→ **Dataset extract**:
lemma self_in_orbit:
  assumes "x \<in> D"
  shows "x \<in> orbit f x"
proof -
  define g where "g y = (if y \<in> D then f y else y)" for y
  have "bij_betw g D D" using bij by (rule bij_betw_cong[THEN iffD1, rotated]) (simp add: g_def)
  then have "g permutes D" by (rule bij_imp_permutes) (simp add: g_def)
  then have "x \<in> orbit g x" using finite_dom by (intro permutation_self_in_orbit permutes_imp_permutation)
  moreover have "orbit g x = orbit f x" using assms by (intro orbit_cong0[of x D]) (auto simp: g_def f_in)
  ultimately show ?thesis by simp
qed

lemma orb_eq_orbit: "x \<in> D \<Longrightarrow> orb f x = orbit f x"
  unfolding orb_def using orbit_altdef_self_in[OF self_in_orbit] by simp

lemma self_in_orb: "x \<in> orb f x"
  unfolding orb_def by (auto intro: exI[of _ 0])

lemma funpow_in_orb: "(f ^^ n) x \<in> orb f x"
  unfolding orb_def by blast

lemma f_in_orb:
  assumes "y \<in> orb f x"
  shows "f y \<in> orb f x"
proof -
  obtain n where "y = (f ^^ n) x" using assms unfolding orb_def by blast
  then have "f y = (f ^^ Suc n) x" by simp
  then show ?thesis using funpow_in_orb by metis
qed

lemma orb_subset: "x \<in> D \<Longrightarrow> orb f x \<subseteq> D"
  unfolding orb_def using funpow_in by auto

lemma finite_orb: "x \<in> D \<Longrightarrow> finite (orb f x)"
  using orb_subset finite_dom finite_subset by blast

lemma orb_eq:
  assumes "x \<in> D" "y \<in> orb f x"
  shows "orb f y = orb f x"
proof -
  have y: "y \<in> D" "y \<in> orbit f x" using assms orb_subset orb_eq_orbit by auto
  then have "x \<in> orbit f y" using orbit_swap[OF self_in_orbit[OF assms(1)]] by blast
  then have "orbit f y = orbit f x"
    using orbit_trans[OF _ y(2)] orbit_trans[OF _ \<open>x \<in> orbit f y\<close>] by blast
  then show ?thesis using assms(1) y(1) orb_eq_orbit by simp
qed

lemma orb_f: "x \<in> D \<Longrightarrow> orb f (f x) = orb f x"
  using orb_eq f_in_orb self_in_orb by blast

lemma f_in_orb_iff: "x \<in> D \<Longrightarrow> y \<in> D \<Longrightarrow> f y \<in> orb f x \<longleftrightarrow> y \<in> orb f x"
  using f_in_orb orb_eq orb_f self_in_orb f_in by metis

lemma bij_betw_orb:
  assumes "x \<in> D"
  shows "bij_betw f (orb f x) (orb f x)"
proof -
  have "inj_on f (orb f x)"
    using bij orb_subset[OF assms] by (auto simp: bij_betw_def intro: inj_on_subset)
  moreover have "f ` orb f x \<subseteq> orb f x" using f_in_orb by auto
  ultimately show ?thesis using finite_orb[OF assms] by (simp add: bij_betw_def endo_inj_surj)
qed

lemma inv_in: "x \<in> D \<Longrightarrow> inv_into D f x \<in> D"
  using bij by (metis bij_betw_def inv_into_into)

lemma f_inv: "x \<in> D \<Longrightarrow> f (inv_into D f x) = x"
  using bij by (meson bij_betw_inv_into_right)

lemma inv_f: "x \<in> D \<Longrightarrow> inv_into D f (f x) = x"
  using bij by (meson bij_betw_inv_into_left)

lemma orb_inv:
  assumes "x \<in> D"
  shows "orb f (inv_into D f x) = orb f x"
  using orb_f[OF inv_in[OF assms]] f_inv[OF assms] by simp

lemma inv_in_orb: "x \<in> D \<Longrightarrow> y \<in> orb f x \<Longrightarrow> inv_into D f y \<in> orb f x"
  using orb_inv orb_eq orb_subset self_in_orb by (metis subsetD)

lemma orb_eq_image_period:
  "x \<in> D \<Longrightarrow> orb f x = (\<lambda>n. (f ^^ n) x) ` {..<funpow_dist1 f x x}"
  using orbit_conv_funpow_dist1[OF self_in_orbit] orb_eq_orbit by (simp add: atLeast0LessThan)

lemma inj_on_period: "x \<in> D \<Longrightarrow> inj_on (\<lambda>n. (f ^^ n) x) {..<funpow_dist1 f x x}"
  using inj_on_funpow_dist1[OF self_in_orbit] by (simp add: atLeast0LessThan)

end

section \<open>Plane maps\<close>

locale plane_graph =
  fixes D :: "'a set" and \<alpha> \<sigma> :: "'a \<Rightarrow> 'a"
  assumes plane: "plane_map D \<alpha> \<sigma>"
begin

lemma finite_darts: "finite D"
  and darts_nonempty: "D \<noteq> {}"
  and \<alpha>_in: "d \<in> D \<Longrightarrow> \<alpha> d \<in> D"
  and \<alpha>_neq: "d \<in> D \<Longrightarrow> \<alpha> d \<noteq> d"
  and \<alpha>_\<alpha>: "d \<in> D \<Longrightarrow> \<alpha> (\<alpha> d) = d"
  and bij_\<sigma>: "bij_betw \<sigma> D D"
  and connected: "d \<in> D \<Longrightarrow> e \<in> D \<Longrightarrow>
         (d, e) \<in> ({(x, \<sigma> x) | x. x \<in> D} \<union> {(x, \<alpha> x) | x. x \<in> D})\<^sup>*"
  and euler: "int (card (verts D \<sigma>)) - int (card (edges D \<alpha>)) + int (card (faces D \<alpha> \<sigma>)) = 2"
  using plane unfolding plane_map_def by auto

lemma bij_\<alpha>: "bij_betw \<alpha> D D"
  by (rule bij_betwI[where g = \<alpha>]) (auto simp: \<alpha>_in \<alpha>_\<alpha>)

abbreviation \<phi> where "\<phi> \<equiv> \<alpha> \<circ> \<sigma>"
abbreviation \<psi> where "\<psi> \<equiv> \<sigma> \<circ> \<alpha>"
abbreviation \<sigma>inv where "\<sigma>inv \<equiv> inv_into D \<sigma>"

sublocale rotation: bij_on_finite D \<sigma>
  using finite_darts bij_\<sigma> by unfold_locales
sublocale face_perm: bij_on_finite D \<phi>
  using finite_darts bij_betw_trans[OF bij_\<sigma> bij_\<alpha>] by unfold_locales
sublocale side_perm: bij_on_finite D \<psi>
  using finite_darts bij_betw_trans[OF bij_\<alpha> bij_\<sigma>] by unfold_locales

lemma \<alpha>_funpow_\<psi>: "d \<in> D \<Longrightarrow> \<alpha> ((\<psi> ^^ n) d) = (\<phi> ^^ n) (\<alpha> d)"
proof (induction n)
  case (Suc n)
  then show ?case using \<alpha>_\<alpha> side_perm.funpow_in by simp
qed simp

lemma finite_verts: "finite (verts D \<sigma>)"
  and finite_faces: "finite (faces D \<alpha> \<sigma>)"
  and finite_edges: "finite (edges D \<alpha>)"
  unfolding verts_def faces_def edges_def using finite_darts by simp_all

lemma vert_eq_orb: "v \<in> verts D \<sigma> \<Longrightarrow> d \<in> v \<Longrightarrow> v = orb \<sigma> d"
  unfolding verts_def using rotation.orb_eq by auto

lemma face_eq_orb: "f \<in> faces D \<alpha> \<sigma> \<Longrightarrow> d \<in> f \<Longrightarrow> f = orb \<phi> d"
  unfolding faces_def using face_perm.orb_eq by auto

lemma vert_subset: "v \<in> verts D \<sigma> \<Longrightarrow> v \<subseteq> D"
  unfolding verts_def using rotation.orb_subset by auto

lemma face_subset: "f \<in> faces D \<alpha> \<sigma> \<Longrightarrow> f \<subseteq> D"
  unfolding faces_def using face_perm.orb_subset by auto

lemma vert_nonempty: "v \<in> verts D \<sigma> \<Longrightarrow> v \<noteq> {}"
  unfolding verts_def using rotation.self_in_orb by auto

→ **Activity**: Each line from the top of the listing down to and including the one containing "f x = orbit" should be transcribed exactly; nothing else is to be output.

→ **Response**:
lemma self_in_orbit:
  assumes "x \<in> D"
  shows "x \<in> orbit f x"
proof -
  define g where "g y = (if y \<in> D then f y else y)" for y
  have "bij_betw g D D" using bij by (rule bij_betw_cong[THEN iffD1, rotated]) (simp add: g_def)
  then have "g permutes D" by (rule bij_imp_permutes) (simp add: g_def)
  then have "x \<in> orbit g x" using finite_dom by (intro permutation_self_in_orbit permutes_imp_permutation)
  moreover have "orbit g x = orbit f x" using assms by (intro orbit_cong0[of x D]) (auto simp: g_def f_in)
  ultimately show ?thesis by simp
qed

lemma orb_eq_orbit: "x \<in> D \<Longrightarrow> orb f x = orbit f x"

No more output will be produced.